The next room we entered, just like the first, was about twelve feet square with five beds lined up around the walls. The only other furnishings in the room were two small tables. Each metal bed with thin mattress had long sticks wrapped around the four corner posts, which I eventually figured out must have been to hold up mosquito nets during the rainy season. On one of these beds sat an older woman holding her left hand in her right hand, looking worried. Wade had a conversation with her in Creole and learned that her left hand was swollen and nearly useless, while her right shoulder and upper chest were in so much pain so that she couldn't move her right shoulder or arm. She gave us permission to pray for her in the name of Jesus, so Wade placed his hand on her swollen left hand while I placed my hand on her right shoulder as we kneeled on the concrete and prayed. When Wade asked her to try moving the fingers on her bad hand, there was an obvious increase in movement from before the prayer. When he told her to try moving her right shoulder and arm she actually stretched her right arm clear behind her back, stretching and bending over and over, demonstrating that she had full range of movement in that shoulder with no pain! He prayed for her hand again, and again she demonstrated an increase in strength and movement in that hand. After the third time she was able to gently grip Wade's hand, whereas she had had no grip at all when we first met her less than ten minutes before. Wade then shared the message of Jesus with this animist lady and invited her to put her trust in Him.

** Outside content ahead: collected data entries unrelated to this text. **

lemma Lmod_act1:
  fixes f :: "'k::field \<times> 'k \<Rightarrow> 'k"
  assumes "g \<in> SL2" "f \<in> Lmod l"
  shows "act1 g f \<in> Lmod l"
proof -
  have "(\<lambda>v. f (vmul v g)) \<in> Lmod l"
    using assms(2) unfolding Lmod_def
  proof (rule kspan_comp)
    fix s assume "s \<in> {act1 g (\<lambda>(x, y). x ^ l) |g. g \<in> (SL2 :: ('k \<times> _) set)}"
    then obtain g' where g': "g' \<in> SL2" "s = act1 g' (\<lambda>(x, y). x ^ l)" by blast
    then have "(\<lambda>v. s (vmul v g)) = act1 (mat_mult g g') (\<lambda>(x, y). x ^ l)"
      unfolding act1_def by (simp add: vmul_vmul)
    moreover have "mat_mult g g' \<in> SL2"
      using SL2_mat_mult assms(1) g'(1) by blast
    ultimately show "(\<lambda>v. s (vmul v g)) \<in> kspan {act1 g (\<lambda>(x, y). x ^ l) |g. g \<in> SL2}"
      by (intro kspan_base) blast
  qed
  then show ?thesis unfolding act1_def .
qed

lemma Lmod_zero: "(\<lambda>z. 0) \<in> Lmod l"
  unfolding Lmod_def by (rule kspan_zero)

lemma Lmod_add: "f \<in> Lmod l \<Longrightarrow> g \<in> Lmod l \<Longrightarrow> (\<lambda>z. f z + g z) \<in> Lmod l"
  unfolding Lmod_def by (rule kspan_add)

lemma Lmod_smult: "f \<in> Lmod l \<Longrightarrow> (\<lambda>z. c * f z) \<in> Lmod l"
  unfolding Lmod_def by (rule kspan_smult)

definition binary_form :: "nat \<Rightarrow> (nat \<Rightarrow> 'k::field) \<Rightarrow> 'k \<times> 'k \<Rightarrow> 'k" where
  "binary_form l a = (\<lambda>p. \<Sum>j\<le>l. a j * fst p ^ (l - j) * snd p ^ j)"

lemma binary_form_lincomb:
  "(\<lambda>z. c * binary_form l a z + binary_form l b z) = binary_form l (\<lambda>j. c * a j + b j)"
  by (simp add: binary_form_def fun_eq_iff sum_distrib_left sum.distrib algebra_simps)

lemma binary_form_eq_0:
  assumes "\<forall>j\<le>l. a j = 0"
  shows "binary_form l a = (\<lambda>z. 0)"
  using assms by (simp add: binary_form_def fun_eq_iff)

lemma Lmod_binary_form:
  assumes "f \<in> Lmod l"
  shows "\<exists>a. f = binary_form l a"
  using assms unfolding Lmod_def
proof (induction rule: kspan_induct)
  case zero
  show ?case
    using binary_form_eq_0[of l "\<lambda>_. 0"] by metis
next
  case (step s c g)
  then obtain a b c' d where s: "s = act1 (a, b, c', d) (\<lambda>(x, y). x ^ l)"
    by auto
  define e where "e j = of_nat (l choose j) * c' ^ j * a ^ (l - j)" for j
  have "s = binary_form l e"
  proof
    fix v
    show "s v = binary_form l e v"
      unfolding s act1_highest_weight_vector binary_form_def e_def
      by (subst add.commute, subst binomial_ring) (simp add: power_mult_distrib mult_ac)
  qed
  moreover obtain b where "g = binary_form l b"
    using step(2) by blast
  ultimately have "(\<lambda>z. c * s z + g z) = binary_form l (\<lambda>j. c * e j + b j)"
    by (simp add: binary_form_lincomb)
  then show ?case by blast
qed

She didn't do that at the time, but seeds were planted as her body received a touch of healing and her heart heard a message of love and hope.
Later in the day Wade made a trip back to the hospital to check on the young woman in the coma. He found her sitting up in her bed eating dinner! Glory to God!
Since Wade and his companions began their weekly hospital visits a couple years ago, the Mansoa hospital has risen in national ratings to the position of #1 in the country for patients experiencing healing of their illnesses, and for having the least number of infections develop while in the hospital. Needless to say, the staff are always happy to see them come. Jesus is making a name for Himself in this place.
Once again, through my hospital visit this time, I was confronted with some harsh realities that provided perspective to my ingrained sense of entitlement toward expected availability of goods and services in my own country. At least in U.S. hospitals I can expect there will be linens on the bed, air conditioning in the summer, a high level of sanitation, meals delivered three times a day, and actual American Board Certified medical doctors running tests, making diagnoses, and prescribing appropriate treatment. The hospital in Mansoa was more like a warehouse for the sick, making do the best they could with crude conditions and one doctor for every 20,000 residents. God help these poor people.